• [ABOUT THIS EXERCISE] Would you output the entries below only from the line containing "unfolding F_def using" through the line containing "by (fact I(1))", exactly as they stand and with both ends included?

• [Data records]

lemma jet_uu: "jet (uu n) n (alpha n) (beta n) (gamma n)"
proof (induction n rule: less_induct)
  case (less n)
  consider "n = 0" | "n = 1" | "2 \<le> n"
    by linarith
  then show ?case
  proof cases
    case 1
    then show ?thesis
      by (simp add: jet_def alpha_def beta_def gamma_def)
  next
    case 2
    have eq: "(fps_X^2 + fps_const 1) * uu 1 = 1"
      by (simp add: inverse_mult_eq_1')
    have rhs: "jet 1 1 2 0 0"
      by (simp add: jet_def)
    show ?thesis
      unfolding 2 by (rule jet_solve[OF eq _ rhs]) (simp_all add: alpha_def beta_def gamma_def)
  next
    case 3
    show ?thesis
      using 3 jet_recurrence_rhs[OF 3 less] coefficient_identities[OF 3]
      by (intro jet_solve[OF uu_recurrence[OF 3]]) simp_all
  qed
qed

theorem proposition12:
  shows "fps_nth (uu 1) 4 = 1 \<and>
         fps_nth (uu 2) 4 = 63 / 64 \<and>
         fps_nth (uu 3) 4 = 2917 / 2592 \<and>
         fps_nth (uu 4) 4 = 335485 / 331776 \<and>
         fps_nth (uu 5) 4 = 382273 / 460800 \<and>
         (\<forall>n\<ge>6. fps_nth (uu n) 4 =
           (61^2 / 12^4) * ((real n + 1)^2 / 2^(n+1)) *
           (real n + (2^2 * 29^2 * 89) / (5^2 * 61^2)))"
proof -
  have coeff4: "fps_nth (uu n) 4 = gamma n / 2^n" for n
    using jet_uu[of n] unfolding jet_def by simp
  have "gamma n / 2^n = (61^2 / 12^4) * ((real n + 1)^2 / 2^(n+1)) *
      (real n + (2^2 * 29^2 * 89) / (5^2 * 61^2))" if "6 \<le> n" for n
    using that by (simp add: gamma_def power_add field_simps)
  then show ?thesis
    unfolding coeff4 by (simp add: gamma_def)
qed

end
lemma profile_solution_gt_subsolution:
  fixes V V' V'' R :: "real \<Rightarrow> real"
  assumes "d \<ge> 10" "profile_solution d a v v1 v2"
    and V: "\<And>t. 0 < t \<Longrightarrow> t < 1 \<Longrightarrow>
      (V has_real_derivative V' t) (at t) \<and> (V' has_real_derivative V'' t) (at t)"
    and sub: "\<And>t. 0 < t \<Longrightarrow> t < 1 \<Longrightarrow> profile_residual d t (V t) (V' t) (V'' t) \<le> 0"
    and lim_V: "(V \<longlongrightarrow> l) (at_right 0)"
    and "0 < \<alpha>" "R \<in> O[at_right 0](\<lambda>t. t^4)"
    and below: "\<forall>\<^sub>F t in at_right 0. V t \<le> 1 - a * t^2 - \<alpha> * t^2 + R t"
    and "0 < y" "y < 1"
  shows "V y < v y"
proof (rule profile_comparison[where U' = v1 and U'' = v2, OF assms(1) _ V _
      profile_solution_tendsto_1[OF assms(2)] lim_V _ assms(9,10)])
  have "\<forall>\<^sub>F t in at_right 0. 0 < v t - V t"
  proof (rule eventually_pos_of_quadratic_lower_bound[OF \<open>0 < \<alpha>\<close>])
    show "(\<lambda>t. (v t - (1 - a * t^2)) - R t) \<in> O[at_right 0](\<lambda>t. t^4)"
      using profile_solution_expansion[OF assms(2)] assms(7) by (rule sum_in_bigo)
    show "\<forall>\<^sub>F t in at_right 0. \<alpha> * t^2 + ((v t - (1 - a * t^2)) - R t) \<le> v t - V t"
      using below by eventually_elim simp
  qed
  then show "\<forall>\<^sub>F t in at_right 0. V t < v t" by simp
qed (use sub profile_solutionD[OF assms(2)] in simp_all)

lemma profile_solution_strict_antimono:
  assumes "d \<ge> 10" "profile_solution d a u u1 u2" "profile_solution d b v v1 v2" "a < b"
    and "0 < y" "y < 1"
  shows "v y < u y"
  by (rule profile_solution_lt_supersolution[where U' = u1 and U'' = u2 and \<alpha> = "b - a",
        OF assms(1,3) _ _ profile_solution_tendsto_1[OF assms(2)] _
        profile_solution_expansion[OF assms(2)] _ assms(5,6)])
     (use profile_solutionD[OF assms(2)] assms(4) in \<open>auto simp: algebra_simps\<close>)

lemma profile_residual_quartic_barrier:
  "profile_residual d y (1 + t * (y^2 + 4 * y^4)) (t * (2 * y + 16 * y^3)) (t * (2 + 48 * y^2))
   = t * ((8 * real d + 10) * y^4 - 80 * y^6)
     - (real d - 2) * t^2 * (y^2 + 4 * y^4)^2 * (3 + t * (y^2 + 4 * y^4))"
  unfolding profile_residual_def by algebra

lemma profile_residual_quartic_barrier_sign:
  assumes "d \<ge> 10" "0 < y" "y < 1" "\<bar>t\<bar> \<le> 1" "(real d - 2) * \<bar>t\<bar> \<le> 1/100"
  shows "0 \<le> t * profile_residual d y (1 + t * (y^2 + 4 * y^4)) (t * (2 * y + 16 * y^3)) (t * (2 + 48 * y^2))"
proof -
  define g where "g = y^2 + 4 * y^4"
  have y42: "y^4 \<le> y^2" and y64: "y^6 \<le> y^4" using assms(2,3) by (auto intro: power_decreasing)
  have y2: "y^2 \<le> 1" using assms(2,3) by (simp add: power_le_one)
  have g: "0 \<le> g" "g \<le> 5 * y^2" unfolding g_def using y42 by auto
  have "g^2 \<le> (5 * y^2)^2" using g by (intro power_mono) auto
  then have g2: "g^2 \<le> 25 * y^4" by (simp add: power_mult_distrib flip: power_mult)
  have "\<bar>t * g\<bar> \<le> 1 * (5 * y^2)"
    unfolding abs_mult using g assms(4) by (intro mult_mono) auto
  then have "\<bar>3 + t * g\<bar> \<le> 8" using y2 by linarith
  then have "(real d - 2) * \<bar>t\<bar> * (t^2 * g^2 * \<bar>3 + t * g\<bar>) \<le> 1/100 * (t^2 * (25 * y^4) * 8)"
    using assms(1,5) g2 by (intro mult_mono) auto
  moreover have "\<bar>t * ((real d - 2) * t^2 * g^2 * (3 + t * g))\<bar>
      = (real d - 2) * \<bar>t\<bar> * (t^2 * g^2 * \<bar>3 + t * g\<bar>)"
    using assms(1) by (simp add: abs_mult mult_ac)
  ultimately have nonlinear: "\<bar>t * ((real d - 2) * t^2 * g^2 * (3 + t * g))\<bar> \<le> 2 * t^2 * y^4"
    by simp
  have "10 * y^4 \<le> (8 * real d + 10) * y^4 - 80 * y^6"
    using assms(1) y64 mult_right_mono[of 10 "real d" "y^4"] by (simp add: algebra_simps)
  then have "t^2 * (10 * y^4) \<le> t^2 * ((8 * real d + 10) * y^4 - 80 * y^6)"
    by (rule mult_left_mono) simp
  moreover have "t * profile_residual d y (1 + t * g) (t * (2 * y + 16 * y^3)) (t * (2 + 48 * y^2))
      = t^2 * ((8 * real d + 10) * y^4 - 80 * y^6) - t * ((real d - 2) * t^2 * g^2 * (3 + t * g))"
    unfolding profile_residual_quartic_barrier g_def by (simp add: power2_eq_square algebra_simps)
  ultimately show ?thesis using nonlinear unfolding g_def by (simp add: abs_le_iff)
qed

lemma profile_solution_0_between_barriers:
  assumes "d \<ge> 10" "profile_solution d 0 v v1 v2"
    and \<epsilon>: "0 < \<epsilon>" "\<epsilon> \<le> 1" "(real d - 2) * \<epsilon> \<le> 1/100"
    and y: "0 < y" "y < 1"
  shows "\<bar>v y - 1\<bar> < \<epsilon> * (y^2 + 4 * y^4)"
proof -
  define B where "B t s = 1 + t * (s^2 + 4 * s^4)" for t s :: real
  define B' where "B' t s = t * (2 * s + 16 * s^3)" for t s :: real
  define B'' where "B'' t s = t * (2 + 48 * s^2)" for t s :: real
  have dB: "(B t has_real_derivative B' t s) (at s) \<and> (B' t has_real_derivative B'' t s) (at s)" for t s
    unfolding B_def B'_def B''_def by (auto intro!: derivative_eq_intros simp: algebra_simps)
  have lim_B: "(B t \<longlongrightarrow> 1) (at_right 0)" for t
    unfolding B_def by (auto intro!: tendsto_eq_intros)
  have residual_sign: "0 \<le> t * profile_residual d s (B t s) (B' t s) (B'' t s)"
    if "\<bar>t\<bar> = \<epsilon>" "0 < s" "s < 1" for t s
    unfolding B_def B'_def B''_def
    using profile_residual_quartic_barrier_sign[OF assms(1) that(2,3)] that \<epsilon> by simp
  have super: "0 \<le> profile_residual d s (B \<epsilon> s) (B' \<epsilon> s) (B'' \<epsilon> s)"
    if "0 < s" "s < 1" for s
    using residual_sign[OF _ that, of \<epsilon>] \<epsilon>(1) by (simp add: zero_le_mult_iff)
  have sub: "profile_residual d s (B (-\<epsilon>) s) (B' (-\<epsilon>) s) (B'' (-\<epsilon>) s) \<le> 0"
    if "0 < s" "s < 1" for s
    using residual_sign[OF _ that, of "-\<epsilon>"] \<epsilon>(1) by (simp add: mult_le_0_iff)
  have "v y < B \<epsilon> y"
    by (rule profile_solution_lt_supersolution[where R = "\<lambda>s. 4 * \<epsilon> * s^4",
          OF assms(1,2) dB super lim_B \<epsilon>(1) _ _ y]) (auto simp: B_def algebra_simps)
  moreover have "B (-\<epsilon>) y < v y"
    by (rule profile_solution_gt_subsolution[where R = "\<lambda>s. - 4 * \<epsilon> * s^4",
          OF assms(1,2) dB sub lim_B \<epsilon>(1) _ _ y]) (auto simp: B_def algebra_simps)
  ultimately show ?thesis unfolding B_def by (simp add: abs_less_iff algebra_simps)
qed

--

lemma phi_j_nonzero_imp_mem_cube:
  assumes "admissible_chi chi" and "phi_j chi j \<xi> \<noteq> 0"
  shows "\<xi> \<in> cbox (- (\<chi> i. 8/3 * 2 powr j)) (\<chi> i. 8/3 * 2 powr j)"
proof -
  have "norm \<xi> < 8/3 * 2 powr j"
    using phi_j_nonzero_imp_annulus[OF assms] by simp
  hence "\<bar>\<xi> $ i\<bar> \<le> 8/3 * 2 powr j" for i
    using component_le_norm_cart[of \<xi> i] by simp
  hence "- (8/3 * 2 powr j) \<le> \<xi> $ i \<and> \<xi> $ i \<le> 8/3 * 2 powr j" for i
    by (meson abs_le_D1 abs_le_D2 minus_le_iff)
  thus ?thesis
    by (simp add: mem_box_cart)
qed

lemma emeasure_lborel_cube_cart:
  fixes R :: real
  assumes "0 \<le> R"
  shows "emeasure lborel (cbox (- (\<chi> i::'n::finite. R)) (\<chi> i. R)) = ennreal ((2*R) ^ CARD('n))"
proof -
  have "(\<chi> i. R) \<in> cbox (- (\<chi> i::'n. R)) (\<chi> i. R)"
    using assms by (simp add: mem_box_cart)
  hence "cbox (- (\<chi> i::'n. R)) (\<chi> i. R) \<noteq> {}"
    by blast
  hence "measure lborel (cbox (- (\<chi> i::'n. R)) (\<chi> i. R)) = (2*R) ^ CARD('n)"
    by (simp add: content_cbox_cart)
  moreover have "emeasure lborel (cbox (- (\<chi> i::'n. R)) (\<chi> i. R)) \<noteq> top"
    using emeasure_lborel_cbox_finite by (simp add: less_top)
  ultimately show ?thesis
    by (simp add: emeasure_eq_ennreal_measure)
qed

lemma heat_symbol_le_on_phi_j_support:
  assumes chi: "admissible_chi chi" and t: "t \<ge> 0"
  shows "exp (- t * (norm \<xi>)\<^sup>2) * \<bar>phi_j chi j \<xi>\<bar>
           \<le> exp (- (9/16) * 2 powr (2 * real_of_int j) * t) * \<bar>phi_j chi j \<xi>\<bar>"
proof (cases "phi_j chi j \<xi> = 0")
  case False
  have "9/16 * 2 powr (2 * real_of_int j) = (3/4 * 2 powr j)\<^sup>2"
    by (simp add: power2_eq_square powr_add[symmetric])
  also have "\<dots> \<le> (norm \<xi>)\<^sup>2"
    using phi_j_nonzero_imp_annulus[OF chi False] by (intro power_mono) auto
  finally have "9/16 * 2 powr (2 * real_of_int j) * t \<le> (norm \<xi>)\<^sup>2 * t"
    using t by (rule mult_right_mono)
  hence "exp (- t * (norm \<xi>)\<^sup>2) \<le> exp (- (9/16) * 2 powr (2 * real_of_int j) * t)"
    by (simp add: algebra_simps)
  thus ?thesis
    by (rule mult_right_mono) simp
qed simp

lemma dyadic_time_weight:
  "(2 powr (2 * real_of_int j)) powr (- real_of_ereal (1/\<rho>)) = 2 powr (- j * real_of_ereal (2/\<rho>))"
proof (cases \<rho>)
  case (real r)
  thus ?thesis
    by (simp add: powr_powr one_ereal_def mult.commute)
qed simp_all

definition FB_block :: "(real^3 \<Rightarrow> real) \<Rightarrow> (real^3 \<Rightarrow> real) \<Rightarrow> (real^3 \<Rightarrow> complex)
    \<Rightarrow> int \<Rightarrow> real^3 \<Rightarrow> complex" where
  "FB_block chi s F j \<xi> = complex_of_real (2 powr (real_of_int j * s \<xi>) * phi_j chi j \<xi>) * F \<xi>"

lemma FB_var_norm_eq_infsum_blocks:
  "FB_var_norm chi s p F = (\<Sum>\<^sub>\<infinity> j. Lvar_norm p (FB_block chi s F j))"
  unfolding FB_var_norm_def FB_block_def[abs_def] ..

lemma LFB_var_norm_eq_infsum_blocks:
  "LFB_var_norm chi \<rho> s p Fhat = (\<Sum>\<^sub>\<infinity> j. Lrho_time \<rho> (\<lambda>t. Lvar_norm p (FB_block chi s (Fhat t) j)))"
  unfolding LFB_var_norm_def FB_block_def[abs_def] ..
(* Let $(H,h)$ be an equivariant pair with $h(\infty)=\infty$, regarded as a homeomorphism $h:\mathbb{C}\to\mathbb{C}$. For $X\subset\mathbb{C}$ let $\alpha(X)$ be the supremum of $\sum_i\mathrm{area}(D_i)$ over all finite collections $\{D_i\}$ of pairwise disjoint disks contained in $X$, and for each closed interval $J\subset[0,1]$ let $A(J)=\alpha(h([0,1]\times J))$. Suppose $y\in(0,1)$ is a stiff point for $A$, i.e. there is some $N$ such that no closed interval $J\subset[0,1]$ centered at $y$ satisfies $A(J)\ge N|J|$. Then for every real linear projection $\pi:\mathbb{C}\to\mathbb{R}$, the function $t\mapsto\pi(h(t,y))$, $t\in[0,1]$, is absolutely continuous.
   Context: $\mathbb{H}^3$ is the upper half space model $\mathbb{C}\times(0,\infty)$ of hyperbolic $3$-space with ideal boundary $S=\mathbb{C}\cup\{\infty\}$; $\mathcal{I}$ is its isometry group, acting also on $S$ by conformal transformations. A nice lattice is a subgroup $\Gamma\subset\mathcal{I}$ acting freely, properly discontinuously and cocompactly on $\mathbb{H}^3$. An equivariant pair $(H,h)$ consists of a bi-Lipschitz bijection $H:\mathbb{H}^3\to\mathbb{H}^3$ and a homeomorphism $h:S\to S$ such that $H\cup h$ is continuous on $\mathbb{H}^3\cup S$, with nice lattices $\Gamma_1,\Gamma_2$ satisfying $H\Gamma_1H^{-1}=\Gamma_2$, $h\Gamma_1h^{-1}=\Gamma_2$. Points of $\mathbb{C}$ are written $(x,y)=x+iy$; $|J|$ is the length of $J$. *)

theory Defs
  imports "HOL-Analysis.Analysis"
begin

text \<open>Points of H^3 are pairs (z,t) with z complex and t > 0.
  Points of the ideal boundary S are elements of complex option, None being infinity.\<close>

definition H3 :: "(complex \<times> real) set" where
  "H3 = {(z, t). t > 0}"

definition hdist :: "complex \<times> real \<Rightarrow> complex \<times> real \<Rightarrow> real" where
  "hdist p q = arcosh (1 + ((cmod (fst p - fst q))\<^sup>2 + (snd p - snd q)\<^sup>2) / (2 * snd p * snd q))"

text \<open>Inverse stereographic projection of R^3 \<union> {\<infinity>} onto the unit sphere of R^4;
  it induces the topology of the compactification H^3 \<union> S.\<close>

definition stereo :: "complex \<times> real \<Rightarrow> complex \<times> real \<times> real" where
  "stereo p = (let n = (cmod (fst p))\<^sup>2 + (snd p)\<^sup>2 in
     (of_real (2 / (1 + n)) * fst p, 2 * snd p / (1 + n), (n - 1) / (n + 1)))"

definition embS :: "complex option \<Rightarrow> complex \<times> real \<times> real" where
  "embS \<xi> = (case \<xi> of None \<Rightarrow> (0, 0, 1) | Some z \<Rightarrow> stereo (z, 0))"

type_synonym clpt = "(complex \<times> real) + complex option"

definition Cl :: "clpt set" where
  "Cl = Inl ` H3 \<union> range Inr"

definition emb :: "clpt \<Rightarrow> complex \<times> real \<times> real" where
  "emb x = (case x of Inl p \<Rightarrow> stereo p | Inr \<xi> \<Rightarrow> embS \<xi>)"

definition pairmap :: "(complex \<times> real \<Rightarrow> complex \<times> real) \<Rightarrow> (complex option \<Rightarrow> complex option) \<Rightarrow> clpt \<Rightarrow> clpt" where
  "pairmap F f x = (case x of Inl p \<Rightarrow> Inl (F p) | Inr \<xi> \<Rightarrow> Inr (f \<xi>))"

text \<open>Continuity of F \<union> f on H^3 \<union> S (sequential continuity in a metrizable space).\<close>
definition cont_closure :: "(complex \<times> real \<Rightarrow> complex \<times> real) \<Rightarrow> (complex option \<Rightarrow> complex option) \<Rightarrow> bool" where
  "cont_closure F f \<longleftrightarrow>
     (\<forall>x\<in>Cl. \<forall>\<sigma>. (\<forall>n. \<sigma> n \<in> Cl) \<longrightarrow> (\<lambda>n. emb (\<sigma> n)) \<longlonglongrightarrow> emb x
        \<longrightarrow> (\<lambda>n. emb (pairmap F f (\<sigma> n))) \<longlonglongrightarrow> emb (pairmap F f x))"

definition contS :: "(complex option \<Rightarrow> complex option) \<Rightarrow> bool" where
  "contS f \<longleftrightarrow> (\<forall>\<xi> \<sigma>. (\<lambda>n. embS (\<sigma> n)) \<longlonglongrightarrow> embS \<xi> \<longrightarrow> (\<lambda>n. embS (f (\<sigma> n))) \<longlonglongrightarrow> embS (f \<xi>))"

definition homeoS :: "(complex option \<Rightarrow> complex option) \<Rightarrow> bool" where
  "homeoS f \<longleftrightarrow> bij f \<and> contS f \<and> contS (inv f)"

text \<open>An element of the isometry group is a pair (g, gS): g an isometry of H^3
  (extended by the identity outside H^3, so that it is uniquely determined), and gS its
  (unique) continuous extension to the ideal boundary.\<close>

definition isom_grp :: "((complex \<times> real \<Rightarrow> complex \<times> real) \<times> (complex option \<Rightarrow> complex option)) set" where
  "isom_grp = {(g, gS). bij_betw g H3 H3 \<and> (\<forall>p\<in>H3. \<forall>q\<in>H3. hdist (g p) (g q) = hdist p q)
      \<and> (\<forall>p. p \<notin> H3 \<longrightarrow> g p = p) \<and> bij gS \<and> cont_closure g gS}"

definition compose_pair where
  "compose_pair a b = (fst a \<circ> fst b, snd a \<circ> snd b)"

* * *

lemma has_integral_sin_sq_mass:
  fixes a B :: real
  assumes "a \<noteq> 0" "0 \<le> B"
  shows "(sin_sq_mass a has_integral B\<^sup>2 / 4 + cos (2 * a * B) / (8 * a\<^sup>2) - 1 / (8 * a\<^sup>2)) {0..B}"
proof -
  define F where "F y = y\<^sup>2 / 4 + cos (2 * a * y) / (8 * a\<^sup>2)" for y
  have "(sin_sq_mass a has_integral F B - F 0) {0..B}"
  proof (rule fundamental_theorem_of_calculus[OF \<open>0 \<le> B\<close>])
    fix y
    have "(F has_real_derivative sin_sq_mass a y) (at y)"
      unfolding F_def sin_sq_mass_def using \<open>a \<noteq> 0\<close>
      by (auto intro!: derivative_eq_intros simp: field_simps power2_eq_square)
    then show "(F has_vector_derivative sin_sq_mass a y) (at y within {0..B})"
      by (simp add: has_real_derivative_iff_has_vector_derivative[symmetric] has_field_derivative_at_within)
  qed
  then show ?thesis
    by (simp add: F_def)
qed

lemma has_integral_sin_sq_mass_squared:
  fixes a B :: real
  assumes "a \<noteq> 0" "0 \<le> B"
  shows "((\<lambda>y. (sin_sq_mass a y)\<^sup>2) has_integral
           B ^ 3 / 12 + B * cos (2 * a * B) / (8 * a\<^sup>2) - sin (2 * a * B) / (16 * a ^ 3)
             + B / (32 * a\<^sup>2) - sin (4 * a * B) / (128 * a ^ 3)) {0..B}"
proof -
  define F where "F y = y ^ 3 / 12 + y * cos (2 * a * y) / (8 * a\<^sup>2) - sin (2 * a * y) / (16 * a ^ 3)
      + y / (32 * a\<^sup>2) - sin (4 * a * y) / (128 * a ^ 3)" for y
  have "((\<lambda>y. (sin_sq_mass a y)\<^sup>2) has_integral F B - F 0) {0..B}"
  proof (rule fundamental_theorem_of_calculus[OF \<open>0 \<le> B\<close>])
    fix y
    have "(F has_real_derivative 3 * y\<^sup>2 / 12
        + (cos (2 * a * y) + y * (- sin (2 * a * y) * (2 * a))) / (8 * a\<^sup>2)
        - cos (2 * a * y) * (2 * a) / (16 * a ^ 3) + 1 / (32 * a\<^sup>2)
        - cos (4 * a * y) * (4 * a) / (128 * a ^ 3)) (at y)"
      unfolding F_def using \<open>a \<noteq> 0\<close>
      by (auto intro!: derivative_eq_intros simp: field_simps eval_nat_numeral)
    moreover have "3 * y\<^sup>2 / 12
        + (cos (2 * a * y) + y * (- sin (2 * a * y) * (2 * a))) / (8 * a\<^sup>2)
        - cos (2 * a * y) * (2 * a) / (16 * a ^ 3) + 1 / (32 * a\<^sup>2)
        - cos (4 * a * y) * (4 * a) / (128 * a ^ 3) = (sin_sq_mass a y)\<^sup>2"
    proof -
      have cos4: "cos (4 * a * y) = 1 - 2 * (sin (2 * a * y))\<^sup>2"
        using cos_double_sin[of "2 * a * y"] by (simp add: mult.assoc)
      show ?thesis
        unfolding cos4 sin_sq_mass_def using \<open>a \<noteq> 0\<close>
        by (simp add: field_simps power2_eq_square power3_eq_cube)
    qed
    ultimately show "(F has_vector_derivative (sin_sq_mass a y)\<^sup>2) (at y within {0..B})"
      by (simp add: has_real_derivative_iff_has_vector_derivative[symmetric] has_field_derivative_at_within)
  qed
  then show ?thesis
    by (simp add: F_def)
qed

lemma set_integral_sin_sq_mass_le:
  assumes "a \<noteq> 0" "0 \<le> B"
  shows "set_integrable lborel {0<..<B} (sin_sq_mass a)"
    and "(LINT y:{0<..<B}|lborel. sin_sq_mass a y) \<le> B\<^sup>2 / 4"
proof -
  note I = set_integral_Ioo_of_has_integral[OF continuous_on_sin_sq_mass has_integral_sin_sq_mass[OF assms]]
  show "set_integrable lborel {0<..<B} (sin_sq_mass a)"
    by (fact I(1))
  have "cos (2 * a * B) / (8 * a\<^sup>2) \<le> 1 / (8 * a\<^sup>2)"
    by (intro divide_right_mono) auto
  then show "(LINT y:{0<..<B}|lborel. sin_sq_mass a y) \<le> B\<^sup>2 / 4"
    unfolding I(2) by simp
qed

• [RESULT BELOW]
      unfolding F_def using \<open>a \<noteq> 0\<close>
      by (auto intro!: derivative_eq_intros simp: field_simps eval_nat_numeral)
    moreover have "3 * y\<^sup>2 / 12
        + (cos (2 * a * y) + y * (- sin (2 * a * y) * (2 * a))) / (8 * a\<^sup>2)
        - cos (2 * a * y) * (2 * a) / (16 * a ^ 3) + 1 / (32 * a\<^sup>2)
        - cos (4 * a * y) * (4 * a) / (128 * a ^ 3) = (sin_sq_mass a y)\<^sup>2"
    proof -
      have cos4: "cos (4 * a * y) = 1 - 2 * (sin (2 * a * y))\<^sup>2"
        using cos_double_sin[of "2 * a * y"] by (simp add: mult.assoc)
      show ?thesis
        unfolding cos4 sin_sq_mass_def using \<open>a \<noteq> 0\<close>
        by (simp add: field_simps power2_eq_square power3_eq_cube)
    qed
    ultimately show "(F has_vector_derivative (sin_sq_mass a y)\<^sup>2) (at y within {0..B})"
      by (simp add: has_real_derivative_iff_has_vector_derivative[symmetric] has_field_derivative_at_within)
  qed
  then show ?thesis
    by (simp add: F_def)
qed

lemma set_integral_sin_sq_mass_le:
  assumes "a \<noteq> 0" "0 \<le> B"
  shows "set_integrable lborel {0<..<B} (sin_sq_mass a)"
    and "(LINT y:{0<..<B}|lborel. sin_sq_mass a y) \<le> B\<^sup>2 / 4"
proof -
  note I = set_integral_Ioo_of_has_integral[OF continuous_on_sin_sq_mass has_integral_sin_sq_mass[OF assms]]
  show "set_integrable lborel {0<..<B} (sin_sq_mass a)"
    by (fact I(1))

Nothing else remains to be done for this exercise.